Can you share more information on that ? v0.3.0 was not a version touching the model itself, it should have been a 0.2.1, but we did backward-incompatible changes to inference code and preferred to bump version.
DeepSpeech.py
by default uses a default beam width of 1024, while the clients use 512. It could be just that.
Are all the other model parameters same ? The exported model and the checkpoint files in the release 0.3.0 denote the same model configuration , and trained on the same datasets ?
Running the code from the checkpoint:
python3 -u DeepSpeech.py --checkpoint_dir ‘deepspeech-0.3.0-checkpoint’ --one_shot_infer ‘data/ldc93s1/LDC93S1.wav’ --train 0 --test 0
Inference : she had acuteness water
Running the installed package without language models:
deepspeech --model models/output_graph.pbmm --alphabet models/alphabet.txt --audio ‘data/ldc93s1/LDC93S1.wav’

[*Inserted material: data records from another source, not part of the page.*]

(* Let $A=\mathbb{S}\mathbb{O}$, $f\in\mathcal{S}(\Omega)$ and $x\in\Omega$. Then one of the following possibilities applies: (1) $V(f)\cap\mathbb{S}_x=\emptyset$; (2) $V(f)\cap\mathbb{S}_x=\{y\}$, $f'_s(x)\in C_A^*=\mathbb{S}\mathbb{O}\setminus n^{-1}(0)$ and $y=\mathrm{re}(x)-f^\circ_s(x)f'_s(x)^{-1}$; (3) $V(f)\cap\mathbb{S}_x$ is an affine $2$-plane in $\mathbb{S}\mathbb{O}\simeq\mathbb{R}^8$ and $f'_s(x)$ is a zero divisor (i.e., it is a nonzero element of $n^{-1}(0)$); (4) $V(f)\supseteq\mathbb{S}_x$ and $f'_s(x)=0$. In each of these cases, respectively: (1) either $V(N(f))\cap\mathbb{S}_x=\emptyset=V(f^c)\cap\mathbb{S}_x$; or $V(N(f))\supseteq\mathbb{S}_x$ and $V(f^c)\cap\mathbb{S}_x$ is either empty or $2$-dimensional; (2) $V(N(f))\supseteq\mathbb{S}_x$ and $V(f^c)\cap\mathbb{S}_x=\{f'_s(x)^{-1}y^cf'_s(x)\}$; (3) $V(N(f))\supseteq\mathbb{S}_x$ and $V(f^c)\cap\mathbb{S}_x$ is either empty or $2$-dimensional; (4) $\mathbb{S}_x$ is included both in $V(f^c)$ and in $V(N(f))$.
   Context: $\mathbb{S}\mathbb{O}$ (split-octonions) is the real algebra $\mathbb{H}+l\mathbb{H}$ ($\mathbb{H}$ the quaternions) with product determined by $(lp)(lq)=qp^c$, $p(lq)=l(p^cq)$, $(lp)q=l(qp)$ for $p,q\in\mathbb{H}$ ($p^c$ the quaternionic conjugate), and $^*$-involution $(p+lq)^c=p^c-lq$; it is an alternative $^*$-algebra with norm $n(x)=xx^c$, $n(p+lq)=n(p)-n(q)$. For a real finite-dimensional unital alternative $^*$-algebra $A$: $t(x)=x+x^c$; center $=\{r:(r,a,b)=0,\ ra=ar\ \forall a,b\}$; $C_A=\{0\}\cup\{a:n(a),n(a^c)$ invertible elements of the center$\}$, $C_A^*=C_A\setminus\{0\}$. $\mathbb{S}_A=\{J:t(J)=0,n(J)=1\}$, $Q_A=\mathbb{R}\cup\{x:t(x),n(x)\in\mathbb{R},4n(x)>t(x)^2\}$; every $x\in Q_A$ is $\alpha+\beta J$ ($\alpha,\beta\in\mathbb{R}$, $J\in\mathbb{S}_A$), $x^c=\alpha-\beta J$, $\mathrm{re}(x)=t(x)/2$, $\mathrm{im}(x)=x-\mathrm{re}(x)$, $\mathbb{S}_x=\{\alpha+\beta I:I\in\mathbb{S}_A\}$. Let $D\subseteq\mathbb{C}$ be non-empty, invariant under conjugation, $\Omega=\{\alpha+\beta J:\alpha+i\beta\in D,J\in\mathbb{S}_A\}$. $A_{\mathbb{C}}=\{a+\imath b\}$ with $(a+\imath b)(a'+\imath b')=aa'-bb'+\imath(ab'+ba')$, $\overline{a+\imath b}=a-\imath b$, $(a+\imath b)^c=a^c+\imath b^c$. A stem function $F=F_1+\imath F_2:D\to A_{\mathbb{C}}$ satisfies $F(\bar z)=\overline{F(z)}$ and induces the slice function $f=\mathcal{I}(F)$, $f(\alpha+\beta J)=F_1(\alpha+i\beta)+JF_2(\alpha+i\beta)$; $\mathcal{S}(\Omega)$ is the set of these. $f\cdot g=\mathcal{I}(FG)$, $f^c=\mathcal{I}(F^c)$ with $F^c(z)=F(z)^c$, $N(f)=f\cdot f^c$. $V(h)=\{x:h(x)=0\}$. $f^\circ_s(x)=\frac12(f(x)+f(x^c))$, $f'_s(x)=\frac12\mathrm{im}(x)^{-1}(f(x)-f(x^c))$ for $x\notin\mathbb{R}$ (and $f'_s(x):=0$ is not defined for real $x$; for real $x$ only cases (1),(4)-type statements about $\{x\}=\mathbb{S}_x$ are meaningful). *)

theory Defs
  imports "HOL-Analysis.Analysis"
begin

section \<open>Quaternions, as 4-tuples of reals (a + b i + c j + d k)\<close>

type_synonym quat = "real \<times> real \<times> real \<times> real"

definition qmul :: "quat \<Rightarrow> quat \<Rightarrow> quat" where
  "qmul p q = (case p of (a1, b1, c1, d1) \<Rightarrow> case q of (a2, b2, c2, d2) \<Rightarrow>
     (a1*a2 - b1*b2 - c1*c2 - d1*d2,
      a1*b2 + b1*a2 + c1*d2 - d1*c2,
      a1*c2 - b1*d2 + c1*a2 + d1*b2,
      a1*d2 + b1*c2 - c1*b2 + d1*a2))"

definition qcnj :: "quat \<Rightarrow> quat" where
  "qcnj p = (case p of (a, b, c, d) \<Rightarrow> (a, -b, -c, -d))"

section \<open>Split-octonions SO = H + l H, the pair (p,q) standing for p + l q\<close>

text \<open>The real vector space structure (and the Euclidean structure identifying SO with R^8)
  is the one of the product type.\<close>

type_synonym so = "quat \<times> quat"

text \<open>Product determined by (lp)(lq) = q p^c, p(lq) = l(p^c q), (lp)q = l(qp):
  (p + l q)(p' + l q') = (p p' + q' q^c) + l (p^c q' + p' q).\<close>

definition so_mult :: "so \<Rightarrow> so \<Rightarrow> so" (infixl "\<odot>" 70) where
  "x \<odot> y = (case x of (p, q) \<Rightarrow> case y of (p', q') \<Rightarrow>
     (qmul p p' + qmul q' (qcnj q), qmul (qcnj p) q' + qmul p' q))"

Inference : she hadered uc sut and greasy washwar or year
Running with language model
deepspeech --model models/output_graph.pbmm --alphabet models/alphabet.txt --lm models/lm.binary --trie models/trie --audio ‘data/ldc93s1/LDC93S1.wav’

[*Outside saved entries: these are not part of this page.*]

lemma integrable_minkowski_functional_powr_radial_integral:
  fixes K :: "(real^'n) set" and f :: "real^'n \<Rightarrow> real"
  assumes sb: "star_body K" and fc: "continuous_on K f"
  shows "integrable (sphere_measure CARD('n) lborel)
    (\<lambda>\<theta>. minkowski_functional K \<theta> powr (- real k) * (indicator (sphere 0 1) \<theta> * radial_integral K f m \<theta>))"
    (is "integrable ?\<sigma> ?h")
proof -
  interpret finite_measure ?\<sigma> by (rule finite_measure_sphere_measure_lborel)
  have [measurable]: "minkowski_functional K \<in> borel_measurable borel"
    by (rule borel_measurable_continuous_onI[OF star_body_continuous_minkowski[OF sb]])
  have [measurable]: "(\<lambda>\<theta>. indicator (sphere 0 1) \<theta> * radial_integral K f m \<theta>) \<in> borel_measurable borel"
    using borel_measurable_continuous_on_indicator[OF _ continuous_on_radial_integral[OF sb fc]] by simp
  obtain d R where dR: "0 < d" "\<And>\<theta>. \<theta> \<in> sphere 0 1 \<Longrightarrow> d \<le> radial_function K \<theta> \<and> radial_function K \<theta> \<le> R"
    using radial_function_bounds[OF sb] by blast
  obtain B where B: "\<And>\<theta>. \<theta> \<in> sphere 0 1 \<Longrightarrow> norm (radial_integral K f m \<theta>) \<le> B"
  proof -
    have "compact (radial_integral K f m ` sphere 0 1)"
      by (intro compact_continuous_image continuous_on_radial_integral[OF sb fc]) simp
    then obtain a where "\<forall>\<theta>\<in>sphere 0 1. norm (radial_integral K f m \<theta>) \<le> a"
      by (auto dest!: compact_imp_bounded simp: bounded_iff)
    then show ?thesis using that by blast
  qed
  show ?thesis
  proof (rule integrable_const_bound[where B="R ^ k * B"])
    show "AE \<theta> in ?\<sigma>. norm (?h \<theta>) \<le> R ^ k * B"
      using AE_sphere_measure_lborel
    proof eventually_elim
      case (elim \<theta>)
      then have "\<theta> \<noteq> 0" "0 \<le> radial_function K \<theta>" using dR(1) dR(2)[OF elim] by auto
      then show ?case
        using elim dR(2)[OF elim] B[OF elim]
        by (simp add: minkowski_functional_powr_eq_radial_function[OF sb] abs_mult norm_power)
          (intro mult_mono power_mono, auto)
    qed
  qed measurable
qed
lemma M_mult_vec_clear_nth:
  assumes "a \<noteq> k"
  shows "(M *v vec_clear k v) $ a = (D k *v v) $ a"
proof -
  have "(\<Sum>b\<in>UNIV. A $ a $ b * vec_clear k v $ b) = (\<Sum>b\<in>UNIV. (if a = k \<or> b = k then 0 else A $ a $ b) * v $ b)"
    by (rule sum.cong) (use assms in \<open>auto simp: vec_clear_def\<close>)
  thus ?thesis using assms by (simp add: M_mult_vec_nth D_mult_vec_nth vec_clear_def)
qed

lemma M_mult_vec_clear_eqI:
  assumes "\<And>a. a \<noteq> k \<Longrightarrow> (D k *v v) $ a = h $ a" and "inner p h = 0"
  shows "M *v vec_clear k v = h"
  by (rule vec_eq_if_eq_off_and_inner_p_eq[of k]) (simp_all add: M_mult_vec_clear_nth assms inner_p_M)

lemma D_kernel:
  assumes "\<rho> > 0" and "D k *v v = 0"
  shows "v = 0"
proof -
  have "(D k *v v) $ k = \<rho> * v $ k" by (simp add: D_mult_vec_nth)
  hence vk: "v $ k = 0" using assms by simp
  hence "vec_clear k v = v" by (auto simp: vec_clear_def vec_eq_iff)
  moreover have "M *v vec_clear k v = 0"
    by (rule M_mult_vec_clear_eqI) (simp_all add: assms)
  ultimately have "v = (v $ k / p $ k) *\<^sub>R p" using M_kernel by simp
  thus ?thesis using vk by simp
qed

lemma invertible_D: "\<rho> > 0 \<Longrightarrow> invertible (D k)"
  by (rule invertible_if_kernel_zero) (rule D_kernel)

lemma M_range:
  assumes "\<rho> > 0" and "inner p h = 0"
  obtains z where "M *v z = h"
proof
  define k :: 'n where "k = undefined"
  have "D k *v (matrix_inv (D k) *v h) = h"
    by (simp add: matrix_vector_mul_assoc matrix_inv_mult(1)[OF invertible_D[OF assms(1)]])
  thus "M *v vec_clear k (matrix_inv (D k) *v h) = h"
    by (intro M_mult_vec_clear_eqI) (simp_all add: assms(2))
qed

Inference: she had ereducsutandgreasywashwaroryear
Please let me know about the above
I’ve already told you there was no change in training between v0.2.0 and v0.3.0
Thanks @lissyx for the information.
@reuben I executed the following command with the beam size 512 using the checkpoint files.

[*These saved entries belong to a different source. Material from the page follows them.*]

lemma card_ck_wspd_le:
  fixes T :: "(real^'d) stree"
  assumes s: "0 \<le> s" and dT: "distinct (leaves T)" and split: "split_tree T"
  shows "real (card (set (ck_wspd s T)))
    \<le> (1 + 2 * (4 * (s + 3) * sqrt (real CARD('d)) + 5) ^ CARD('d)) * real (card (set (subtrees T)))"
proof -
  let ?ST = "set (subtrees T)" and ?L = "set (ck_wspd s T)"
  define K where "K = (4 * (s + 3) * sqrt (real CARD('d)) + 5) ^ CARD('d)"
  have K: "0 \<le> K"
    unfolding K_def using s by simp
  define siblings where "siblings = {(l, r) | l r. SNode l r \<in> ?ST}"
  have "inj_on (\<lambda>(l, r). SNode l r) siblings" and siblings_ST: "(\<lambda>(l, r). SNode l r) ` siblings \<subseteq> ?ST"
    unfolding siblings_def by (auto simp: inj_on_def)
  then have "finite siblings" and card_siblings: "card siblings \<le> card ?ST"
    using finite_imageD[OF finite_subset[OF siblings_ST]] card_inj_on_le by blast+
  have "?L \<subseteq> siblings \<union> (\<Union>P\<in>?ST. \<Union>y\<in>set (children P). refined_at s T P y)"
  proof
    fix e
    assume e: "e \<in> ?L"
    from ck_wspd_refined[OF subtree_self e] show "e \<in> siblings \<union> (\<Union>P\<in>?ST. \<Union>y\<in>set (children P). refined_at s T P y)"
      unfolding siblings_def refined_at_def refined_pair_def using e by blast
  qed
  then have "card ?L \<le> card (siblings \<union> (\<Union>P\<in>?ST. \<Union>y\<in>set (children P). refined_at s T P y))"
    by (rule card_mono[rotated]) (use \<open>finite siblings\<close> in \<open>auto simp: refined_at_def\<close>)
  also have "\<dots> \<le> card siblings + (\<Sum>P\<in>?ST. card (\<Union>y\<in>set (children P). refined_at s T P y))"
    by (rule order_trans[OF card_Un_le add_left_mono[OF card_UN_le]]) simp
  also have "\<dots> \<le> card ?ST + (\<Sum>P\<in>?ST. \<Sum>y\<in>set (children P). card (refined_at s T P y))"
  proof (rule add_mono[OF card_siblings])
    show "(\<Sum>P\<in>?ST. card (\<Union>y\<in>set (children P). refined_at s T P y))
        \<le> (\<Sum>P\<in>?ST. \<Sum>y\<in>set (children P). card (refined_at s T P y))"
      by (intro sum_mono card_UN_le) simp
  qed
  finally have "real (card ?L) \<le> real (card ?ST) + (\<Sum>P\<in>?ST. \<Sum>y\<in>set (children P). real (card (refined_at s T P y)))"
    by (simp flip: of_nat_sum)
  also have "\<dots> \<le> real (card ?ST) + (\<Sum>P\<in>?ST. 2 * K)"
  proof (intro add_left_mono sum_mono)
    fix P
    have "(\<Sum>y\<in>set (children P). real (card (refined_at s T P y))) \<le> real (card (set (children P))) * K"
      using sum_bounded_above[of "set (children P)" "\<lambda>y. real (card (refined_at s T P y))" K]
        card_refined_at_le[OF s dT split] unfolding K_def by simp
    also have "\<dots> \<le> 2 * K"
      using card_children_le[of P] K by (intro mult_right_mono) simp_all
    finally show "(\<Sum>y\<in>set (children P). real (card (refined_at s T P y))) \<le> 2 * K" .
  qed
  finally show ?thesis
    unfolding K_def by (simp add: algebra_simps)
qed

section \<open>Splitting pairs of a point ball and a node\<close>

definition ball_unseparated :: "real \<Rightarrow> (real^'d \<Rightarrow> real) \<Rightarrow> real^'d \<Rightarrow> (real^'d) stree \<Rightarrow> bool" where
  "ball_unseparated s rad p u \<longleftrightarrow>
     dist p (bb_center (pts u)) - encl_rad (pts u) - rad p < (3 * s + 4) * encl_rad (pts u)"

lemma length_findpairs_ball_le:
  "distinct (leaves w) \<Longrightarrow>
   length (findpairs_ball s rad p w) \<le> 1 + 2 * card {u \<in> set (subtrees w). is_node u \<and> ball_unseparated s rad p u}"
proof (induction w)
  case (SLeaf q)
  then show ?case by (simp add: findpairs_ball.simps)
next
  case (SNode l r)
  let ?T = "SNode l r" and ?U = "\<lambda>w. {u \<in> set (subtrees w). is_node u \<and> ball_unseparated s rad p u}"
  show ?case
  proof (cases "ball_unseparated s rad p ?T")
    case False
    then show ?thesis
      by (simp add: findpairs_ball.simps ball_unseparated_def)
  next
    case True
    then have "findpairs_ball s rad p ?T = findpairs_ball s rad p l @ findpairs_ball s rad p r"
      by (subst findpairs_ball.simps) (simp add: ball_unseparated_def)
    moreover have "?U ?T = insert ?T (?U l \<union> ?U r)"
      using True by auto
    moreover have "card (insert ?T (?U l \<union> ?U r)) = 1 + card (?U l) + card (?U r)"
    proof -
      note dis = subtrees_SNode_disjoint[OF SNode.prems]
      have "card (?U l \<union> ?U r) = card (?U l) + card (?U r)"
        using dis(1) by (intro card_Un_disjoint) auto
      moreover have "?T \<notin> ?U l \<union> ?U r"
        using dis(2,3) by blast
      ultimately show ?thesis
        by simp
    qed
    ultimately show ?thesis
      using SNode by simp
  qed
qed

fun leaf_point :: "'a stree \<times> 'a stree \<Rightarrow> 'a" where
  "leaf_point (SLeaf p, w) = p"
| "leaf_point (SNode a b, SLeaf q) = q"
| "leaf_point (SNode a b, SNode c d) = undefined"

text \<open>\<open>charges s rad e u\<close>: the pair \<open>e\<close> of a leaf and a node \<open>w\<close> is split by FindPairs at the
  node \<open>u\<close> below \<open>w\<close>.  Each split produces at most two extra pairs.\<close>

definition charges ::
  "real \<Rightarrow> (real^'d \<Rightarrow> real) \<Rightarrow> (real^'d) stree \<times> (real^'d) stree \<Rightarrow> (real^'d) stree \<Rightarrow> bool"
where
  "charges s rad e u \<longleftrightarrow> (\<exists>w. (e = (SLeaf (leaf_point e), w) \<or> e = (w, SLeaf (leaf_point e))) \<and>
     is_node w \<and> u \<in> set (subtrees w) \<and> is_node u \<and> ball_unseparated s rad (leaf_point e) u)"

lemma length_process_pair_le:
  fixes T :: "(real^'d) stree"
  assumes dT: "distinct (leaves T)" and e: "e \<in> set (ck_wspd s' T)"
  shows "length (process_pair s rad e) \<le> 1 + 2 * card {u \<in> set (subtrees T). charges s rad e u}"
proof -
  have split: "length (findpairs_ball s rad p w) \<le> 1 + 2 * card {u \<in> set (subtrees T). charges s rad e u}"
    if "w \<in> set (subtrees T)" "is_node w" "e = (SLeaf p, w) \<or> e = (w, SLeaf p)" for p w
  proof -
    have "leaf_point e = p"
      using that(2,3) by (cases w) auto
    then have "{u \<in> set (subtrees w). is_node u \<and> ball_unseparated s rad p u}
        \<subseteq> {u \<in> set (subtrees T). charges s rad e u}"
      using that subtree_trans[OF that(1)] unfolding charges_def by blast
    then have "card {u \<in> set (subtrees w). is_node u \<and> ball_unseparated s rad p u}
        \<le> card {u \<in> set (subtrees T). charges s rad e u}"
      by (rule card_mono[rotated]) simp
    then show ?thesis
      using length_findpairs_ball_le[OF distinct_leaves_subtree[OF dT that(1)], of s rad p] by linarith
  qed
  obtain v w where vw: "e = (v, w)" "v \<in> set (subtrees T)" "w \<in> set (subtrees T)"
    using ck_wspd_subtrees[OF dT e] by (cases e) auto
  show ?thesis
  proof (cases v)
    case (SLeaf p)
    then show ?thesis
      using split[of w p] vw by (cases w) auto
  next
    case (SNode vl vr)
    then show ?thesis
      using split[of v] vw by (cases w) auto
  qed
qed

text \<open>The centre \<open>p\<close> is far from the node \<open>w\<close> but its ball is not separated from the enclosing
  ball of \<open>u\<close>; so the ball is large compared with \<open>u\<close> and reaches close to it.\<close>

lemma ball_unseparated_large_near:
  fixes p :: "real^'d"
  assumes sep: "well_sep (3 * s + 6) {p} (pts w)" and u: "u \<in> set (subtrees w)"
    and unsep: "ball_unseparated s rad p u" and s: "0 \<le> s"
  shows "encl_rad (pts u) \<le> rad p \<and> dist p (bb_center (pts u)) \<le> rad p + (3 * s + 5) * encl_rad (pts u)"
proof -
  define eW eU where "eW = encl_rad (pts w)" and "eU = encl_rad (pts u)"
  have sub: "pts u \<subseteq> pts w"
    by (rule pts_subtree_subset[OF u])
  have "0 \<le> eU" "eU \<le> eW"
    unfolding eU_def eW_def using encl_rad_nonneg[of "pts u"] encl_rad_mono[OF _ sub] by simp_all
  have "dist (bb_center (pts u)) (bb_center (pts w)) \<le> eW"
    unfolding eW_def using dist_bb_center_subset[OF finite_pts sub pts_not_empty] .
  moreover have "3 * (s * eW) + 8 * eW \<le> dist p (bb_center (pts w))"
  proof -
    have "max (encl_rad {p}) (encl_rad (pts w)) = eW"
      using \<open>0 \<le> eU\<close> \<open>eU \<le> eW\<close> unfolding eW_def by simp
    then show ?thesis
      using sep unfolding well_sep_def Let_def by (simp add: algebra_simps)
  qed
  moreover have "s * eU \<le> s * eW"
    using \<open>eU \<le> eW\<close> s by (rule mult_left_mono)
  moreover have "dist p (bb_center (pts u)) - eU - rad p < 3 * (s * eU) + 4 * eU"
    using unsep unfolding ball_unseparated_def eU_def[symmetric] by (simp add: algebra_simps)
  ultimately have "eU \<le> rad p" "dist p (bb_center (pts u)) \<le> rad p + (3 * (s * eU) + 5 * eU)"
    using dist_triangle[of p "bb_center (pts w)" "bb_center (pts u)"] \<open>0 \<le> eU\<close> \<open>eU \<le> eW\<close> by linarith+
  then show ?thesis
    unfolding eU_def by (simp add: algebra_simps)
qed

lemma charges_leaf_point:
  fixes T :: "(real^'d) stree"
  assumes dT: "distinct (leaves T)" and e: "e \<in> set (ck_wspd (3 * s + 6) T)"
    and charges: "charges s rad e u" and s: "0 \<le> s"
  shows "leaf_point e \<in> pts T \<and> encl_rad (pts u) \<le> rad (leaf_point e) \<and>
    dist (leaf_point e) (bb_center (pts u)) \<le> rad (leaf_point e) + (3 * s + 5) * encl_rad (pts u) \<and>
    (\<forall>q\<in>pts u. separates e (leaf_point e) q)"
proof -
  define p where "p = leaf_point e"
  obtain w where w: "e = (SLeaf p, w) \<or> e = (w, SLeaf p)" "is_node w" "u \<in> set (subtrees w)"
    and unsep: "ball_unseparated s rad p u"
    using charges unfolding charges_def p_def by blast
  from w(1) have leaf: "SLeaf p \<in> set (subtrees T)" and sep: "well_sep (3 * s + 6) {p} (pts w)"
    using ck_wspd_subtrees[OF dT e] w(2) by (auto simp: well_sep_commute)
  have "p \<in> pts T"
    using pts_subtree_subset[OF leaf] by simp
  moreover have "\<forall>q\<in>pts u. separates e p q"
    using w(1) pts_subtree_subset[OF w(3)] unfolding separates_def by auto
  ultimately show ?thesis
    using ball_unseparated_large_near[OF sep w(3) unsep s] unfolding p_def by blast
qed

python3 -u DeepSpeech.py --checkpoint_dir ‘deepspeech-0.3.0-checkpoint’ --train 0 --test 0 --beam_width 512 --one_shot_infer ‘data/ldc93s1/LDC93S1.wav’
Inference: she had acuteness of ear
When I run following on the same audio file I am still getting a different output
deepspeech --model models/output_graph.pbmm --alphabet models/alphabet.txt --audio ‘data/ldc93s1/LDC93S1.wav’
Inference: she hadered uc sut and greasy washwar or year
Am I missing something in the arguments for running the model from the checkpoint?
Looks like you’re using an incompatible model (output_graph.pbmm). If you’re using the v0.3 checkpoint/model, you should also use the v0.3 code/client.
As mentioned in the ReadMe I used the following command to get the model files, seems to be the same version as the checkpoint.
wget -O - https://github.com/mozilla/DeepSpeech/releases/download/v0.3.0/deepspeech-0.3.0-models.tar.gz | tar xvfz -
And you’re also using the native_client package from that same page?
I installed the DeepSpeech wheel via the following
pip3 install deepspeech
And DeepSpeech.py is also at v0.3.0?
I did a
git clone https://github.com/mozilla/DeepSpeech
Should I use the one v0.3.0 from the Releases page ?
Just do git checkout v0.3.0
Thanks a lot @reuben. It solved my problem !